(Collected data)
--
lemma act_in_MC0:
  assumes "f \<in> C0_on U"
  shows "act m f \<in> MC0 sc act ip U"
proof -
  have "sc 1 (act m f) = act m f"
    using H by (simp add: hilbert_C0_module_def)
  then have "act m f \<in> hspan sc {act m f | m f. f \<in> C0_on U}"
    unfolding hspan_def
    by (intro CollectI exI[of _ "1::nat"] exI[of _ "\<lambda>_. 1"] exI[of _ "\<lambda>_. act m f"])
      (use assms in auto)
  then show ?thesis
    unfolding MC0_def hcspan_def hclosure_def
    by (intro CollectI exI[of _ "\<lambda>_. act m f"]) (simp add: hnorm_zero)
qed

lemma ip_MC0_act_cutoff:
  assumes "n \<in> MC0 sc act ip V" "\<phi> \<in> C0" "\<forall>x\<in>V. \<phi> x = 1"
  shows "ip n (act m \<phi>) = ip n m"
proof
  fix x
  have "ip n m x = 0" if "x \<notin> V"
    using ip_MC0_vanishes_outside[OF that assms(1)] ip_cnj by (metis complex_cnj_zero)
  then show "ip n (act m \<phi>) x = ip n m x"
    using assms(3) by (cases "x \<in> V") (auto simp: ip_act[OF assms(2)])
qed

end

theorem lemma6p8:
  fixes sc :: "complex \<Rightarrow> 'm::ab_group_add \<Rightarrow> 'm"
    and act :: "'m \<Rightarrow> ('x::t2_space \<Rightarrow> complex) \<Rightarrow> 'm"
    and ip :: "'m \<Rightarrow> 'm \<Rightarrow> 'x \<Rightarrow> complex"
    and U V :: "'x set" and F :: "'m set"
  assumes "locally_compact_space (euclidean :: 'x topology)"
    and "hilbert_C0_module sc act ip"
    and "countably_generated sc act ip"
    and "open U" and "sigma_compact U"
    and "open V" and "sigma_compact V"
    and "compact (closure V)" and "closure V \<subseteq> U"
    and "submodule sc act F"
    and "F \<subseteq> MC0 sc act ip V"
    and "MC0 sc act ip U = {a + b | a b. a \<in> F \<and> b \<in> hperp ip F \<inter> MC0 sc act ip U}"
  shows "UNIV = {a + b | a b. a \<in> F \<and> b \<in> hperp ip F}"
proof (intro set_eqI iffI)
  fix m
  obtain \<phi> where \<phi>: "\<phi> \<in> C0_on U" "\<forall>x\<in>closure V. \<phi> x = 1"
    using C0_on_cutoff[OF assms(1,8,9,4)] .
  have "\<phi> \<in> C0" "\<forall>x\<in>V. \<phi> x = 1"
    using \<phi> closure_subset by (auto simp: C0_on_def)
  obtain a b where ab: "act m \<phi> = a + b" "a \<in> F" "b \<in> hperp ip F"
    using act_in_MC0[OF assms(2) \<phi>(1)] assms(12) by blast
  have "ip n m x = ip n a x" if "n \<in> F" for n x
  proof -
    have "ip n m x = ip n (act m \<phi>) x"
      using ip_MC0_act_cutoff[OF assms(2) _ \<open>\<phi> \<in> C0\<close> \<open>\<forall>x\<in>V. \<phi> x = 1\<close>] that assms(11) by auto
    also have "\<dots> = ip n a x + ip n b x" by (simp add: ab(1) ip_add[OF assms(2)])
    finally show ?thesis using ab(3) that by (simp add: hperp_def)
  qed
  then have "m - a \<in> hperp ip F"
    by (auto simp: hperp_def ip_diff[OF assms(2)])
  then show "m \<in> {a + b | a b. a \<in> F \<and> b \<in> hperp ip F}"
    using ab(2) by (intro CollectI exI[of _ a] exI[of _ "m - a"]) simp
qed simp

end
--
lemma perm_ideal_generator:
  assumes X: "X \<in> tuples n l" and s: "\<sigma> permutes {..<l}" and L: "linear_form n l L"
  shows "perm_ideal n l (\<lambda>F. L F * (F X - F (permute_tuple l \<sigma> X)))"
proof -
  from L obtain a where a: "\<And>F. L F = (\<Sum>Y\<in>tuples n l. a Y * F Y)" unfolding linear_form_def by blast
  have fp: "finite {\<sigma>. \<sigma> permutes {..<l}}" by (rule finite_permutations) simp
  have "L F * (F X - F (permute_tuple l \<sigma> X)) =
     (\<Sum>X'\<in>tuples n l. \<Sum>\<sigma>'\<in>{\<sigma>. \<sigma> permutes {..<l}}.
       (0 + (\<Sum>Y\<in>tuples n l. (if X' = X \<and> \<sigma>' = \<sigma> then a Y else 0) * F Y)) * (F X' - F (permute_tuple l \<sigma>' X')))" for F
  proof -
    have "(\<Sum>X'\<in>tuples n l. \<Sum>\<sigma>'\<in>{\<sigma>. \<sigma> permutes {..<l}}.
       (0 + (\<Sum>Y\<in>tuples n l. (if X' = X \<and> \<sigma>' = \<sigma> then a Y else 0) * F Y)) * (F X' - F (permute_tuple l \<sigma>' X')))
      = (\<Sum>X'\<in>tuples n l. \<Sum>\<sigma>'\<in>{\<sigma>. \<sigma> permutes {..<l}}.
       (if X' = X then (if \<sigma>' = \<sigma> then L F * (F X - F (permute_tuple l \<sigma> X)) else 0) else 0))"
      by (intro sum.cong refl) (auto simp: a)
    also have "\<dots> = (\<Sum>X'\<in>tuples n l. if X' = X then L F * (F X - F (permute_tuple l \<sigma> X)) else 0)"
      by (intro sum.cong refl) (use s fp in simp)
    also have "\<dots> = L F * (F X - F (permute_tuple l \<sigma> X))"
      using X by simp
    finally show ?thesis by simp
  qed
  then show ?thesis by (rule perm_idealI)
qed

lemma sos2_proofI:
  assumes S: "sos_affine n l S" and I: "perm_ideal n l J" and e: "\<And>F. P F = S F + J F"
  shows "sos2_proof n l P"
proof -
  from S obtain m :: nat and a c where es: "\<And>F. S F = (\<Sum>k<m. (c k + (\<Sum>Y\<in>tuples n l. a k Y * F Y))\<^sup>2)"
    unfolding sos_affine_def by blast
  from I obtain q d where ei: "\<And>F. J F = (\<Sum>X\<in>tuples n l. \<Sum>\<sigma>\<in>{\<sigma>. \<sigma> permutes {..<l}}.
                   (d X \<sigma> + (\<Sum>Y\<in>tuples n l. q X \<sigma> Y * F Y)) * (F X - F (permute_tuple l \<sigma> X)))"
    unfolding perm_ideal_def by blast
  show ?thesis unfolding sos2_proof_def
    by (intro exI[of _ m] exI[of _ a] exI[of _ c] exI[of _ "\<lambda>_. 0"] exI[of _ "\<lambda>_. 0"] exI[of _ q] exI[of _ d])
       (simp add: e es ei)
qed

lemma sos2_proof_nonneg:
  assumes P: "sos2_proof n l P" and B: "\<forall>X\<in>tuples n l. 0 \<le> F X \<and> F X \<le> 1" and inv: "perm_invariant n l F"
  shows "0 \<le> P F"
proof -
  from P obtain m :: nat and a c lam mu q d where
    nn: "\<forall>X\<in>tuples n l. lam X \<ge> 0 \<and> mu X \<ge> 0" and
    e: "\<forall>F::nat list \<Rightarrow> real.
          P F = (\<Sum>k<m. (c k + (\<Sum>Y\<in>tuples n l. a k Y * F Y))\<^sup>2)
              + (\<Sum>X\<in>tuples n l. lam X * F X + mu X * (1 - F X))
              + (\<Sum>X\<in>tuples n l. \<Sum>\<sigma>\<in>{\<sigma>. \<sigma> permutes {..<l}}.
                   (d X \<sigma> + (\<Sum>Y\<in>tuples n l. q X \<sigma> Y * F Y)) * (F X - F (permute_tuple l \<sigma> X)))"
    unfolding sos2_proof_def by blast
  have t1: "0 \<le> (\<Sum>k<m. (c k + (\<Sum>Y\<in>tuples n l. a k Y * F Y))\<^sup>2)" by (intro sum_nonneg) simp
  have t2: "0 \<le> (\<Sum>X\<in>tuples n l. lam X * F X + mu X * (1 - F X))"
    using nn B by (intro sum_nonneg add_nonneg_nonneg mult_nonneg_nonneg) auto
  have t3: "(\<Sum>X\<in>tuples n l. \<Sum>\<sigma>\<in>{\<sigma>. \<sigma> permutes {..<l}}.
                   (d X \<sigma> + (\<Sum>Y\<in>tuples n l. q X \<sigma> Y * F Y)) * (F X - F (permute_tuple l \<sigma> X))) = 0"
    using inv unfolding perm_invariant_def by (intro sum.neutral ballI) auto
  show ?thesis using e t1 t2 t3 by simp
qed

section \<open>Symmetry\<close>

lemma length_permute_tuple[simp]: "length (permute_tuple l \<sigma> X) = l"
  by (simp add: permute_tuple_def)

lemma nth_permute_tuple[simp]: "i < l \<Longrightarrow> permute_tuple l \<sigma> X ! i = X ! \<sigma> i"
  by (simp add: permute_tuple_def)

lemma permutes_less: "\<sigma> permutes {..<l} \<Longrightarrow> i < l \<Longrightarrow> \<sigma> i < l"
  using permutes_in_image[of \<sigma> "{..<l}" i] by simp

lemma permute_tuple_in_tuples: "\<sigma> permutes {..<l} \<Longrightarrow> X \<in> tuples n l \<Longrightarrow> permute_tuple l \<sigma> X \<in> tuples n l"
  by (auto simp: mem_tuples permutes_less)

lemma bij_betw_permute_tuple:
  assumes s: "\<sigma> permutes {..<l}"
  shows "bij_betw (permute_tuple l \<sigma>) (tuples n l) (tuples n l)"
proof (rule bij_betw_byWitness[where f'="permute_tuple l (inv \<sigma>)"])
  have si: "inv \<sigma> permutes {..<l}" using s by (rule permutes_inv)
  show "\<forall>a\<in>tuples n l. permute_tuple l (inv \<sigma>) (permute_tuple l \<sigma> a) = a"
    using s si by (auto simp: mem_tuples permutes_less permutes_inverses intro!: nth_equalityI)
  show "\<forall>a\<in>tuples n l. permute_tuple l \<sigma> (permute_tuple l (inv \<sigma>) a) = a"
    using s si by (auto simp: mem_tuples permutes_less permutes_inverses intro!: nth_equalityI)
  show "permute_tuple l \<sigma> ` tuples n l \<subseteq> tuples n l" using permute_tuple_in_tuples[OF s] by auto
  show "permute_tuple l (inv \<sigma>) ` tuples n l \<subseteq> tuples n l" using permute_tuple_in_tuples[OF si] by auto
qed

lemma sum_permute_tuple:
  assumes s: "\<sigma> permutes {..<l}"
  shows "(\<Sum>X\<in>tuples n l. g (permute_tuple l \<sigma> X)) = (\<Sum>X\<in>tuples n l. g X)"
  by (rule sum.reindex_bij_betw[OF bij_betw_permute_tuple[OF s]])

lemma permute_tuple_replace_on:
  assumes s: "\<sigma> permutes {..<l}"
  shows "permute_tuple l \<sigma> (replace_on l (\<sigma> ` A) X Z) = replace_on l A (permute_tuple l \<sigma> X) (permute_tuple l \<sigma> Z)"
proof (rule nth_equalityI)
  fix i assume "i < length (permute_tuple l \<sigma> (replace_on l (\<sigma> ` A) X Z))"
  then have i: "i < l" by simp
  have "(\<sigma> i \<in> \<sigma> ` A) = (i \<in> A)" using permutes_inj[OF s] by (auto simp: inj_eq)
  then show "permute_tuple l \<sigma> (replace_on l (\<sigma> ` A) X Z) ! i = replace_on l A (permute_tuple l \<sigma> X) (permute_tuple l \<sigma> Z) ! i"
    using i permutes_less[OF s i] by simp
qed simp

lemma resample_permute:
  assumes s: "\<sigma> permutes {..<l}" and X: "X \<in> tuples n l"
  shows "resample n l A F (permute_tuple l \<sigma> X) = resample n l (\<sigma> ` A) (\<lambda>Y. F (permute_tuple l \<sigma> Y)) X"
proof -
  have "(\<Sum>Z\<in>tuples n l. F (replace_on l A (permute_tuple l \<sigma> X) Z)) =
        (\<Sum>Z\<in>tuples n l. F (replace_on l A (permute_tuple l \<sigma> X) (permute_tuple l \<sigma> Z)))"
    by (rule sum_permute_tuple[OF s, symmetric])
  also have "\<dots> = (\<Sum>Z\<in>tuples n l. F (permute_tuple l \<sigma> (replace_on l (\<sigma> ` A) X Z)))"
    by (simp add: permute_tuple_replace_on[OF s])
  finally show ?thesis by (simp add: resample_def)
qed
--
▶ **Exercise requirements**
Whenever the string "CollectI" shows up in a line of the entries, copy that line.

▶ **Finished exercise**
    by (intro CollectI exI[of _ "1::nat"] exI[of _ "\<lambda>_. 1"] exI[of _ "\<lambda>_. act m f"])
    by (intro CollectI exI[of _ "\<lambda>_. act m f"]) (simp add: hnorm_zero)
    using ab(2) by (intro CollectI exI[of _ a] exI[of _ "m - a"]) simp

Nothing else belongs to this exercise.